*Task statement*: Your task is to transcribe, without alteration, the lines from the top of the material below through the line bearing "by (rule LIMSEQ_incseq_SUP)", inclusive.

*Extracted data*:
lemma visit_prob_upto_limit:
  assumes fin: "\<And>n. n > a \<Longrightarrow> finite (set_pmf (Y n))"
  shows "(\<lambda>K. visit_prob_upto Y a i K n) \<longlonglongrightarrow> visit_prob Y a i n"
proof -
  have "(\<lambda>K. visit_prob_upto Y a i K n) \<longlonglongrightarrow> (SUP K. visit_prob_upto Y a i K n)"
    by (rule LIMSEQ_incseq_SUP)
      (auto intro!: incseq_SucI visit_prob_upto_mono fin bdd_aboveI[of _ 1] visit_prob_upto_bounds)
  then show ?thesis unfolding visit_prob_def visit_prob_upto_def by simp
qed

lemma visit_prob_first_step:
  assumes fin: "\<And>n. n > a \<Longrightarrow> finite (set_pmf (Y n))" and "n \<noteq> i" "n > a"
  shows "visit_prob Y a i n = (\<Sum>j\<in>set_pmf (Y n). pmf (Y n) j * visit_prob Y a i j)"
proof -
  have "(\<lambda>K. visit_prob_upto Y a i (Suc K) n) \<longlonglongrightarrow> visit_prob Y a i n"
    using visit_prob_upto_limit[OF fin] by (rule LIMSEQ_Suc)
  moreover have "(\<lambda>K. visit_prob_upto Y a i (Suc K) n)
      \<longlonglongrightarrow> (\<Sum>j\<in>set_pmf (Y n). pmf (Y n) j * visit_prob Y a i j)"
    unfolding visit_prob_upto_Suc[where Y=Y and a=a and i=i, OF assms(2,3) fin[OF assms(3)]]
    by (intro tendsto_intros visit_prob_upto_limit fin)
  ultimately show ?thesis by (rule LIMSEQ_unique)
qed
definition mat_diff :: "('b \<Rightarrow> 'a \<Rightarrow> complex) \<Rightarrow> ('b \<Rightarrow> 'a \<Rightarrow> complex) \<Rightarrow> ('b \<Rightarrow> 'a \<Rightarrow> complex)" where
  "mat_diff T S = (\<lambda>y x. T y x - S y x)"

definition finite_prop :: "('a \<Rightarrow> 'b \<Rightarrow> real) \<Rightarrow> ('b \<Rightarrow> 'a \<Rightarrow> complex) \<Rightarrow> bool" where
  "finite_prop \<rho> T \<longleftrightarrow> (\<exists>L. \<forall>x y. \<rho> x y \<ge> L \<longrightarrow> T y x = 0)"

definition roe_closure :: "('a \<Rightarrow> 'b \<Rightarrow> real) \<Rightarrow> ('b \<Rightarrow> 'a \<Rightarrow> complex) set" where
  "roe_closure \<rho> = {T. bounded_mat T \<and>
      (\<forall>e>0. \<exists>S. bounded_mat S \<and> finite_prop \<rho> S \<and> opnorm (mat_diff T S) < e)}"

definition M_d :: "(('a + 'b) \<Rightarrow> ('a + 'b) \<Rightarrow> real) \<Rightarrow> ('b \<Rightarrow> 'a \<Rightarrow> complex) set" where
  "M_d d = roe_closure (\<lambda>x y. d (Inl x) (Inr y))"

definition uniform_roe :: "('a \<Rightarrow> 'a \<Rightarrow> real) \<Rightarrow> ('a \<Rightarrow> 'a \<Rightarrow> complex) set" where
  "uniform_roe dX = roe_closure dX"
section \<open>8n^2 + 1 error patterns of weight at most 2\<close>

text \<open>For i, j < n and c < 8 we define a vector supported on {i, j}.  For i = j its entry
  is one of the eight elements \<plusminus>2, \<plusminus>2i, \<plusminus>1\<plusminus>i of taxicab size 2.  For i \<noteq> j the entry
  at the smaller index is any of the four units and the entry at the larger index is
  \<plusminus>1 if i < j and \<plusminus>i if j < i, so the pairs (i, j) and (j, i) together give all
  16 vectors with unit entries at both positions.\<close>
definition unit4 :: "nat \<Rightarrow> complex" where
  "unit4 c = (if c mod 4 = 0 then 1 else if c mod 4 = 1 then -1 else if c mod 4 = 2 then \<i> else -\<i>)"

definition sign2 :: "nat \<Rightarrow> complex" where
  "sign2 c = (if c < 4 then 1 else -1)"

definition err_fst :: "nat \<Rightarrow> nat \<Rightarrow> nat \<Rightarrow> complex" where
  "err_fst i j c = (if j < i then \<i> * sign2 c else unit4 c)"

definition err_snd :: "nat \<Rightarrow> nat \<Rightarrow> nat \<Rightarrow> complex" where
  "err_snd i j c = (if i < j then sign2 c else if j < i then unit4 c
                    else if c < 4 then unit4 c else \<i> * unit4 c)"

definition err_vec :: "nat \<Rightarrow> nat \<Rightarrow> nat \<Rightarrow> nat \<Rightarrow> complex" where
  "err_vec i j c = (\<lambda>m. (if m = i then err_fst i j c else 0) + (if m = j then err_snd i j c else 0))"

definition error_patterns :: "nat \<Rightarrow> (nat \<Rightarrow> complex) set" where
  "error_patterns n =
     insert (\<lambda>_. 0) ((\<lambda>(i, j, c). err_vec i j c) ` ({..<n} \<times> {..<n} \<times> {..<8}))"

lemma less_8_cases: "c < (8::nat) \<Longrightarrow> c \<in> {0, 1, 2, 3, 4, 5, 6, 7}"
  by auto

lemma err_fst_unit: "err_fst i j c \<noteq> 0" "taxi (err_fst i j c) = 1"
  by (auto simp: err_fst_def unit4_def sign2_def taxi_def)

lemma err_snd_unit: "err_snd i j c \<noteq> 0" "taxi (err_snd i j c) = 1"
  by (auto simp: err_snd_def unit4_def sign2_def taxi_def)

lemma err_vec_support: "c < 8 \<Longrightarrow> err_vec i j c m \<noteq> 0 \<longleftrightarrow> m = i \<or> m = j"
  using err_fst_unit(1) err_snd_unit(1)
  by (drule_tac less_8_cases) (auto simp: err_vec_def err_fst_def err_snd_def unit4_def complex_eq_iff)

lemma err_vec_small: "c < 8 \<Longrightarrow> small (err_vec i j c m)"
  by (drule less_8_cases)
     (auto simp: err_vec_def small_def err_fst_def err_snd_def unit4_def sign2_def gauss_int_def taxi_def)

lemma err_vec_taxi:
  assumes "i < n" "j < n"
  shows "(\<Sum>m<n. taxi (err_vec i j c m)) \<le> 2"
proof -
  have "(\<Sum>m<n. taxi (err_vec i j c m))
        \<le> (\<Sum>m<n. (if m = i then taxi (err_fst i j c) else 0) + (if m = j then taxi (err_snd i j c) else 0))"
    by (rule sum_mono) (auto simp: err_vec_def taxi_def)
  also have "\<dots> = 2" using assms by (simp add: sum.distrib err_fst_unit err_snd_unit)
  finally show ?thesis .
qed

lemma unit4_sign2_inj:
  "c < 8 \<Longrightarrow> c' < 8 \<Longrightarrow> unit4 c = unit4 c' \<Longrightarrow> sign2 c = sign2 c' \<Longrightarrow> c = c'"
  by (drule less_8_cases, drule less_8_cases) (auto simp: unit4_def sign2_def complex_eq_iff)

lemma diagonal_inj:
  "c < 8 \<Longrightarrow> c' < 8 \<Longrightarrow> err_fst i i c + err_snd i i c = err_fst i i c' + err_snd i i c' \<Longrightarrow> c = c'"
  by (drule less_8_cases, drule less_8_cases)
     (auto simp: err_fst_def err_snd_def unit4_def complex_eq_iff)

lemma sign2_ne_ii_sign2: "sign2 c \<noteq> \<i> * sign2 c'"
  by (auto simp: sign2_def complex_eq_iff)

lemma err_vec_inj:
  assumes c: "c < 8" "c' < 8" and eq: "err_vec i j c = err_vec i' j' c'"
  shows "i = i' \<and> j = j' \<and> c = c'"
proof -
  have supp: "m = i \<or> m = j \<longleftrightarrow> m = i' \<or> m = j'" for m
    using err_vec_support[OF c(1), of i j m] err_vec_support[OF c(2), of i' j' m] eq by simp
  have v: "err_vec i j c m = err_vec i' j' c' m" for m using eq by simp
  consider "i = j" | "i < j" | "j < i" by linarith
  then show ?thesis
  proof cases
    case 1
    then have "i' = i" "j' = i" using supp by blast+
    with v[of i] 1 show ?thesis using diagonal_inj[OF c] by (simp add: err_vec_def)
  next
    case 2
    then consider "i' = i" "j' = j" | "i' = j" "j' = i" using supp by (metis less_irrefl)
    then show ?thesis
    proof cases
      case 1
      then have "unit4 c = unit4 c'" "sign2 c = sign2 c'"
        using v[of i] v[of j] \<open>i < j\<close> by (simp_all add: err_vec_def err_fst_def err_snd_def)
      with 1 show ?thesis using unit4_sign2_inj[OF c] by simp
    next
      case 2
      then have "sign2 c = \<i> * sign2 c'"
        using v[of j] \<open>i < j\<close> by (simp add: err_vec_def err_fst_def err_snd_def)
      then show ?thesis using sign2_ne_ii_sign2 by blast
    qed
  next
    case 3
    then consider "i' = i" "j' = j" | "i' = j" "j' = i" using supp by (metis less_irrefl)
    then show ?thesis
    proof cases
      case 1
      then have "sign2 c = sign2 c'" "unit4 c = unit4 c'"
        using v[of i] v[of j] \<open>j < i\<close> by (simp_all add: err_vec_def err_fst_def err_snd_def)
      with 1 show ?thesis using unit4_sign2_inj[OF c] by simp
    next
      case 2
      then have "\<i> * sign2 c = sign2 c'"
        using v[of i] \<open>j < i\<close> by (simp add: err_vec_def err_fst_def err_snd_def)
      then show ?thesis using sign2_ne_ii_sign2 by metis
    qed
  qed
qed

lemma card_error_patterns: "card (error_patterns n) = 8 * n\<^sup>2 + 1"
proof -
  define D where "D = {..<n} \<times> {..<n} \<times> {..<(8::nat)}"
  have "inj_on (\<lambda>(i, j, c). err_vec i j c) D"
    by (auto simp: D_def inj_on_def dest: err_vec_inj)
  moreover have "(\<lambda>_. 0) \<notin> (\<lambda>(i, j, c). err_vec i j c) ` D"
  proof
    assume "(\<lambda>_. 0) \<in> (\<lambda>(i, j, c). err_vec i j c) ` D"
    then obtain i j c where "c < 8" and zero: "(\<lambda>_. 0) = err_vec i j c" by (auto simp: D_def)
    then show False using err_vec_support[of c i j i] fun_cong[OF zero, of i] by simp
  qed
  ultimately have "card (error_patterns n) = Suc (card D)"
    by (simp add: error_patterns_def D_def card_image)
  then show ?thesis by (simp add: D_def card_cartesian_product power2_eq_square)
qed

lemma error_patternsE:
  assumes "x \<in> error_patterns n"
  obtains "x = (\<lambda>_. 0)"
    | i j c where "i < n" "j < n" "c < 8" "x = err_vec i j c"
  using assms by (auto simp: error_patterns_def)

lemma error_patterns_small: "x \<in> error_patterns n \<Longrightarrow> small (x m)"
  by (erule error_patternsE) (simp_all add: err_vec_small)

lemma error_patterns_gvecs: "error_patterns n \<subseteq> gvecs n"
proof
  fix x assume x: "x \<in> error_patterns n"
  have "x m = 0" if "n \<le> m" for m
    using x
  proof (rule error_patternsE)
    fix i j c assume "i < n" "j < n" "c < 8" "x = err_vec i j c"
    then show "x m = 0" using err_vec_support[of c i j m] that by auto
  qed simp
  then show "x \<in> gvecs n"
    using error_patterns_small[OF x] by (simp add: gvecs_def small_def)
qed
(* Let $n\geq 1$, let $G$ be a group, and suppose that $S$ is a totally symmetric subset of $G$ with $|S| = n$. If the elements of $S$ have finite order, then $|G|\geq 2^{n-1}n!$.
   Context: A totally symmetric subset of a group $G$ is a finite subset $\{g_1,\ldots,g_n\}$ of $G$ such that (1) the elements $g_i$ pairwise commute, and (2) for every permutation $\sigma\in S_n$ there exists $h\in G$ with $hg_ih^{-1}=g_{\sigma(i)}$ for all $1\leq i\leq n$. *)

theory Defs
  imports "HOL-Algebra.Algebra" "HOL-Combinatorics.Permutations"
begin

definition totally_symmetric :: "('a, 'b) monoid_scheme \<Rightarrow> 'a set \<Rightarrow> bool" where
  "totally_symmetric G S \<longleftrightarrow>
     finite S \<and> S \<subseteq> carrier G \<and>
     (\<forall>x\<in>S. \<forall>y\<in>S. x \<otimes>\<^bsub>G\<^esub> y = y \<otimes>\<^bsub>G\<^esub> x) \<and>
     (\<forall>\<sigma>. \<sigma> permutes S \<longrightarrow>
        (\<exists>h\<in>carrier G. \<forall>g\<in>S. h \<otimes>\<^bsub>G\<^esub> g \<otimes>\<^bsub>G\<^esub> inv\<^bsub>G\<^esub> h = \<sigma> g))"

end

(* Fix s in S. The products of the 2^(n-1) subsets of S - {s} are pairwise distinct:
   if disjoint U and V had equal products and a were in U, conjugating by an element
   realising the transposition of a and s would fix the product of V but replace a by s
   in U, forcing a = s. These products commute with S, so multiplying each by a fixed
   conjugator realising one of the n! permutations of S gives distinct elements of G:
   the conjugation action on S recovers the permutation, and cancellation the subset. *)

theory Submission
  imports Defs
begin

definition centralizer :: "('a, 'b) monoid_scheme \<Rightarrow> 'a set \<Rightarrow> 'a set" where
  "centralizer G A = {x \<in> carrier G. \<forall>a\<in>A. x \<otimes>\<^bsub>G\<^esub> a = a \<otimes>\<^bsub>G\<^esub> x}"

context group
begin

lemma centralizer_subset_carrier: "centralizer G A \<subseteq> carrier G"
  unfolding centralizer_def by auto

lemma centralizer_antimono: "A \<subseteq> B \<Longrightarrow> centralizer G B \<subseteq> centralizer G A"
  unfolding centralizer_def by auto

lemma submonoid_centralizer:
  assumes "A \<subseteq> carrier G"
  shows "submonoid (centralizer G A) G"
proof
  fix x y assume x: "x \<in> centralizer G A" and y: "y \<in> centralizer G A"
  have "x \<otimes> y \<otimes> a = a \<otimes> (x \<otimes> y)" if a: "a \<in> A" for a
  proof -
    have xyG: "x \<in> carrier G" "y \<in> carrier G" "a \<in> carrier G"
      using x y a assms centralizer_subset_carrier by auto
    have "x \<otimes> y \<otimes> a = x \<otimes> (a \<otimes> y)"
      using y a xyG unfolding centralizer_def by (simp add: m_assoc)
    also have "\<dots> = a \<otimes> (x \<otimes> y)"
      using x a xyG unfolding centralizer_def by (simp flip: m_assoc)
    finally show ?thesis .
  qed
  then show "x \<otimes> y \<in> centralizer G A"
    using x y unfolding centralizer_def by auto
qed (use assms in \<open>auto simp: centralizer_def\<close>)

lemma comm_monoid_double_centralizer:
  assumes "A \<subseteq> carrier G" and "\<And>x y. x \<in> A \<Longrightarrow> y \<in> A \<Longrightarrow> x \<otimes> y = y \<otimes> x"
  shows "comm_monoid (G\<lparr>carrier := centralizer G (centralizer G A)\<rparr>)"
proof (rule monoid.monoid_comm_monoidI)
  show "monoid (G\<lparr>carrier := centralizer G (centralizer G A)\<rparr>)"
    using submonoid.submonoid_is_monoid[OF submonoid_centralizer[OF centralizer_subset_carrier]]
    by (simp add: is_monoid)
next
  have "A \<subseteq> centralizer G A"
    using assms unfolding centralizer_def by auto
  then have "centralizer G (centralizer G A) \<subseteq> centralizer G A"
    by (rule centralizer_antimono)
  then show "x \<otimes>\<^bsub>G\<lparr>carrier := centralizer G (centralizer G A)\<rparr>\<^esub> y
      = y \<otimes>\<^bsub>G\<lparr>carrier := centralizer G (centralizer G A)\<rparr>\<^esub> x"
    if "x \<in> carrier (G\<lparr>carrier := centralizer G (centralizer G A)\<rparr>)"
      and "y \<in> carrier (G\<lparr>carrier := centralizer G (centralizer G A)\<rparr>)" for x y
    using that unfolding centralizer_def by auto
qed

lemma conj_mult_commuting:
  assumes "h \<in> carrier G" "x \<in> carrier G" "g \<in> carrier G" and "x \<otimes> g = g \<otimes> x"
  shows "h \<otimes> x \<otimes> g \<otimes> inv (h \<otimes> x) = h \<otimes> g \<otimes> inv h"
proof -
  have "h \<otimes> x \<otimes> g \<otimes> inv (h \<otimes> x) = h \<otimes> (x \<otimes> g) \<otimes> inv x \<otimes> inv h"
    using assms(1-3) by (simp add: m_assoc inv_mult_group)
  also have "\<dots> = h \<otimes> g \<otimes> (x \<otimes> inv x) \<otimes> inv h"
    using assms by (simp add: m_assoc)
  also have "\<dots> = h \<otimes> g \<otimes> inv h"
    using assms by simp
  finally show ?thesis .
qed

end

locale commuting_subset = group +
  fixes S :: "'a set"
  assumes finite_S: "finite S"
    and S_subset: "S \<subseteq> carrier G"
    and S_commute: "\<And>x y. x \<in> S \<Longrightarrow> y \<in> S \<Longrightarrow> x \<otimes> y = y \<otimes> x"
begin

text \<open>The double centralizer of a commuting set is a commutative submonoid containing it,
  which is where products over subsets of \<open>S\<close> are formed.\<close>

abbreviation Z :: "('a, 'b) monoid_scheme" where
  "Z \<equiv> G\<lparr>carrier := centralizer G (centralizer G S)\<rparr>"

sublocale Z: comm_monoid Z
  using S_subset S_commute by (rule comm_monoid_double_centralizer)

definition subset_prod :: "'a set \<Rightarrow> 'a" where
  "subset_prod T = finprod Z id T"

lemma S_subset_double_centralizer: "S \<subseteq> centralizer G (centralizer G S)"
  using S_subset unfolding centralizer_def by auto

*Solved problem*:
lemma visit_prob_upto_limit:
  assumes fin: "\<And>n. n > a \<Longrightarrow> finite (set_pmf (Y n))"
  shows "(\<lambda>K. visit_prob_upto Y a i K n) \<longlonglongrightarrow> visit_prob Y a i n"
proof -
  have "(\<lambda>K. visit_prob_upto Y a i K n) \<longlonglongrightarrow> (SUP K. visit_prob_upto Y a i K n)"
    by (rule LIMSEQ_incseq_SUP)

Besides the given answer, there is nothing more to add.